**BRIEF**: Pull out every line below containing the word "range".

(Collection entries)
lemma realization_small_and_steep:
  assumes lip: "K-lipschitz_on UNIV \<rho>" and not_affine: "\<not> (\<exists>a b. \<forall>x. \<rho> x = a * x + b)"
    and len: "3 \<le> length S" and widths_pos: "\<forall>l<length S. 0 < S ! l"
    and N0: "S ! 0 = d" and N1: "2 \<le> S ! 1"
    and ball: "x0 \<in> Rd d" "0 < r" "{x \<in> Rd d. eucl_dist d x x0 < r} \<subseteq> \<Omega>"
    and "0 < e"
  shows "\<exists>\<Phi>\<in>NN S. (\<forall>x\<in>\<Omega>. \<bar>realization \<rho> S \<Omega> \<Phi> x\<bar> < e)
                 \<and> \<not> bounded_slope \<Omega> (eucl_dist d) M (realization \<rho> S \<Omega> \<Phi>)"
proof -
  define L where "L = length S - 1"
  have "2 \<le> L" and widths: "\<forall>l\<le>L. 0 < S ! l"
    using len widths_pos by (auto simp: L_def)
  then have "0 < d"
    using N0 by auto
  obtain c B s s' where "c \<noteq> 0" and "0 \<le> B" and family:
    "\<And>\<epsilon> m \<beta>. \<exists>\<Phi>\<in>NN S. (\<forall>x. \<bar>layer_out \<rho> S \<Phi> x L 0\<bar> \<le> \<bar>\<epsilon>\<bar> * B) \<and>
       (\<forall>x y. m * x 0 + \<beta> = s \<longrightarrow> m * y 0 + \<beta> = s' \<longrightarrow>
          layer_out \<rho> S \<Phi> x L 0 - layer_out \<rho> S \<Phi> y L 0 = \<epsilon> * c)"
    by (rule thin_nets_separating[OF L_def \<open>2 \<le> L\<close> widths N1 lip not_affine]) (rule that)
  define \<epsilon> where "\<epsilon> = e / (B + 1)"
  have "0 < \<epsilon>" "\<epsilon> * B < e"
    using \<open>0 < e\<close> \<open>0 \<le> B\<close> by (auto simp: \<epsilon>_def field_simps)
  \<comment> \<open>The jump \<open>\<epsilon> * c\<close> stays fixed while a steeper ridge \<open>m * x 0 + \<beta>\<close> brings the
    points where it occurs arbitrarily close together.\<close>
  obtain m where "0 < m" and "\<bar>s' - s\<bar> / m < r" and "M * (\<bar>s' - s\<bar> / m) < \<epsilon> * \<bar>c\<bar>"
    using exists_large_scale[of "\<bar>s' - s\<bar>" r "\<epsilon> * \<bar>c\<bar>"] \<open>0 < r\<close> \<open>0 < \<epsilon>\<close> \<open>c \<noteq> 0\<close> by auto
  define y where "y = x0(0 := x0 0 + (s' - s) / m)"
  obtain \<Phi> where "\<Phi> \<in> NN S" and small: "\<forall>x. \<bar>layer_out \<rho> S \<Phi> x L 0\<bar> \<le> \<bar>\<epsilon>\<bar> * B"
    and jump: "\<forall>x y. m * x 0 + (s - m * x0 0) = s \<longrightarrow> m * y 0 + (s - m * x0 0) = s' \<longrightarrow>
                  layer_out \<rho> S \<Phi> x L 0 - layer_out \<rho> S \<Phi> y L 0 = \<epsilon> * c"
    using family by blast
  have "x0 \<in> \<Omega>" "y \<in> \<Omega>"
    using shifted_point_in_ball[OF \<open>0 < d\<close> ball(1,3), of 0] shifted_point_in_ball[OF \<open>0 < d\<close> ball(1,3)]
      \<open>0 < r\<close> \<open>\<bar>s' - s\<bar> / m < r\<close> \<open>0 < m\<close> by (auto simp: y_def)
  moreover have "layer_out \<rho> S \<Phi> x0 L 0 - layer_out \<rho> S \<Phi> y L 0 = \<epsilon> * c"
    using jump \<open>0 < m\<close> by (simp add: y_def field_simps)
  moreover have "eucl_dist d x0 y = \<bar>s' - s\<bar> / m"
    using eucl_dist_update_0[OF \<open>0 < d\<close>] \<open>0 < m\<close> by (simp add: y_def)
  ultimately have "M * eucl_dist d x0 y < \<bar>realization \<rho> S \<Omega> \<Phi> x0 - realization \<rho> S \<Omega> \<Phi> y\<bar>"
    using \<open>M * (\<bar>s' - s\<bar> / m) < \<epsilon> * \<bar>c\<bar>\<close> \<open>0 < \<epsilon>\<close>
    by (simp add: realization_eq_layer_out abs_mult L_def)
  with \<open>x0 \<in> \<Omega>\<close> \<open>y \<in> \<Omega>\<close> have "\<not> bounded_slope \<Omega> (eucl_dist d) M (realization \<rho> S \<Omega> \<Phi>)"
    unfolding bounded_slope_def by (meson not_le)
  moreover have "\<bar>realization \<rho> S \<Omega> \<Phi> x\<bar> < e" if "x \<in> \<Omega>" for x
    using small[rule_format, of x] \<open>0 < \<epsilon>\<close> \<open>\<epsilon> * B < e\<close> that
    by (simp add: realization_eq_layer_out L_def)
  ultimately show ?thesis
    using \<open>\<Phi> \<in> NN S\<close> by blast
qed
(* Fix $\mu>0$. Then \[ \sum_{\substack{a\ge b,\ c\ge d\\ ad-bc=1}}\frac{1}{(a^2+\mu^2b^2)(c^2+\mu^2d^2)\big((a+c)^2+\mu^2(b+d)^2\big)}=\frac{1}{4\mu^2}\left(\frac{2\arctan\mu}{\mu}-\frac{2}{1+\mu^2}\right), \] where the sum is over all nonnegative integers $a,b,c,d$ with $a\ge b$, $c\ge d$ and $ad-bc=1$. *)

theory Defs
  imports "HOL-Analysis.Analysis"
begin

end

(*
  Write v = (a, b), w = (c, d), Q(x, y) = x^2 + mu^2 y^2 and B(v, w) = ac + mu^2 bd. The index
  set consists of the Farey neighbours b/a < d/c in [0, 1], and each of them is reached exactly
  once from (1, 0), (1, 1) by the mediant moves (v, w) -> (v, v + w) and (v, w) -> (v + w, w)
  of the Stern-Brocot tree. The angle I(v, w) between (a, mu b) and (c, mu d), divided by mu, is
  additive under these moves, and since Q v Q w = B^2 + mu^2 (ad - bc)^2 the summand at (v, w) is
  G(v, w) - G(v, v + w) - G(v + w, w) for the potential G = (I - B / (Q v Q w)) / (2 mu^2).
  Summing over the first n levels of the tree leaves G at the root minus the sum of G over
  level n. Writing t = mu / B one has G = (arctan t - t / (1 + t^2)) / (2 mu^3), which lies
  between 0 and I / (2 B^2); as B >= ac exceeds the depth and I sums to arctan mu / mu on every
  level, the level sums of G tend to 0.
*)

theory Submission
  imports Defs
begin

lemma arctan_diff_nonneg:
  fixes x y :: real
  assumes "0 \<le> x" "0 \<le> y"
  shows "arctan x - arctan y = arctan ((x - y) / (1 + x * y))"
proof -
  have "0 \<le> arctan x" "0 \<le> arctan y" using assms by simp_all
  then have range: "- (pi / 2) < arctan x - arctan y" "arctan x - arctan y < pi / 2"
    using arctan_ubound[of x] arctan_ubound[of y] by linarith+
  then have "cos (arctan x - arctan y) \<noteq> 0" using cos_gt_zero_pi by fastforce
  then have "tan (arctan x - arctan y) = (x - y) / (1 + x * y)"
    by (simp add: tan_diff tan_arctan)
  then show ?thesis using arctan_tan[OF range] by metis
qed

lemma div_one_plus_square_le_arctan:
  fixes t :: real
  assumes "0 \<le> t"
  shows "t / (1 + t\<^sup>2) \<le> arctan t"
proof -
  have "t / (1 + t\<^sup>2) = sin (arctan t) * cos (arctan t)"
    by (simp add: sin_arctan cos_arctan power2_eq_square flip: real_sqrt_mult)
  also have "\<dots> \<le> sin (arctan t)"
    by (rule mult_left_le[OF cos_le_one]) (simp add: sin_arctan assms)
  also have "\<dots> \<le> arctan t"
    using assms by (simp add: sin_x_le_x)
  finally show ?thesis .
qed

**RESPONSE TO THIS TASK**:
  then have range: "- (pi / 2) < arctan x - arctan y" "arctan x - arctan y < pi / 2"
  then show ?thesis using arctan_tan[OF range] by metis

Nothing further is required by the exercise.